▶ PROBLEM STATEMENT: Transcribe the records in full, keeping every word exactly as given.
____ EXCERPTED DATA
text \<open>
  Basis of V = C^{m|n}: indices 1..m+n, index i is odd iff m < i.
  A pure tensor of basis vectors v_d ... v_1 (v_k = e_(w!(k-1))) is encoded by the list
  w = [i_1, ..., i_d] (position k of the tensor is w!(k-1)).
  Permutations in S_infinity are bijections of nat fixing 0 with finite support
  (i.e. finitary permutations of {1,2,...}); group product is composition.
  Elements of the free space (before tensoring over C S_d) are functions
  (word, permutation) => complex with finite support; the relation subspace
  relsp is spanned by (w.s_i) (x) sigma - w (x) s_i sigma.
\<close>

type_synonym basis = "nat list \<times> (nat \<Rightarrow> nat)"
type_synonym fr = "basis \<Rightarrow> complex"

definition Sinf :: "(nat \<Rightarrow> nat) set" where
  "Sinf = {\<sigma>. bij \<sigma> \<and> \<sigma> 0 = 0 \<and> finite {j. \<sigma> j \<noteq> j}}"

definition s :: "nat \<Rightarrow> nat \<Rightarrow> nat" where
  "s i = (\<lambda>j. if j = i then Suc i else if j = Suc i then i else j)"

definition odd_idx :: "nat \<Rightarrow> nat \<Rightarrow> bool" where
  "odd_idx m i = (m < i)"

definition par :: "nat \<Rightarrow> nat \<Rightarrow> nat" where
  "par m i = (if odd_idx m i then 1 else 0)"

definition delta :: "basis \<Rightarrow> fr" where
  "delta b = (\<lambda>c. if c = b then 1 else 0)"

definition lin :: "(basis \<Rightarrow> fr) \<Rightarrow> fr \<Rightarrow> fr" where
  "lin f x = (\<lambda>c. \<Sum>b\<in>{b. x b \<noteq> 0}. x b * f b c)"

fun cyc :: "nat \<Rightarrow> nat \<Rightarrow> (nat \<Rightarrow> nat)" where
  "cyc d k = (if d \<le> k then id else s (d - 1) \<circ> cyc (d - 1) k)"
________
▶ EXERCISE SOLUTION:
text \<open>
  Basis of V = C^{m|n}: indices 1..m+n, index i is odd iff m < i.
  A pure tensor of basis vectors v_d ... v_1 (v_k = e_(w!(k-1))) is encoded by the list
  w = [i_1, ..., i_d] (position k of the tensor is w!(k-1)).
  Permutations in S_infinity are bijections of nat fixing 0 with finite support
  (i.e. finitary permutations of {1,2,...}); group product is composition.
  Elements of the free space (before tensoring over C S_d) are functions
  (word, permutation) => complex with finite support; the relation subspace
  relsp is spanned by (w.s_i) (x) sigma - w (x) s_i sigma.
\<close>

type_synonym basis = "nat list \<times> (nat \<Rightarrow> nat)"
type_synonym fr = "basis \<Rightarrow> complex"

definition Sinf :: "(nat \<Rightarrow> nat) set" where
  "Sinf = {\<sigma>. bij \<sigma> \<and> \<sigma> 0 = 0 \<and> finite {j. \<sigma> j \<noteq> j}}"

definition s :: "nat \<Rightarrow> nat \<Rightarrow> nat" where
  "s i = (\<lambda>j. if j = i then Suc i else if j = Suc i then i else j)"

definition odd_idx :: "nat \<Rightarrow> nat \<Rightarrow> bool" where
  "odd_idx m i = (m < i)"

definition par :: "nat \<Rightarrow> nat \<Rightarrow> nat" where
  "par m i = (if odd_idx m i then 1 else 0)"

definition delta :: "basis \<Rightarrow> fr" where
  "delta b = (\<lambda>c. if c = b then 1 else 0)"

definition lin :: "(basis \<Rightarrow> fr) \<Rightarrow> fr \<Rightarrow> fr" where
  "lin f x = (\<lambda>c. \<Sum>b\<in>{b. x b \<noteq> 0}. x b * f b c)"

fun cyc :: "nat \<Rightarrow> nat \<Rightarrow> (nat \<Rightarrow> nat)" where
  "cyc d k = (if d \<le> k then id else s (d - 1) \<circ> cyc (d - 1) k)"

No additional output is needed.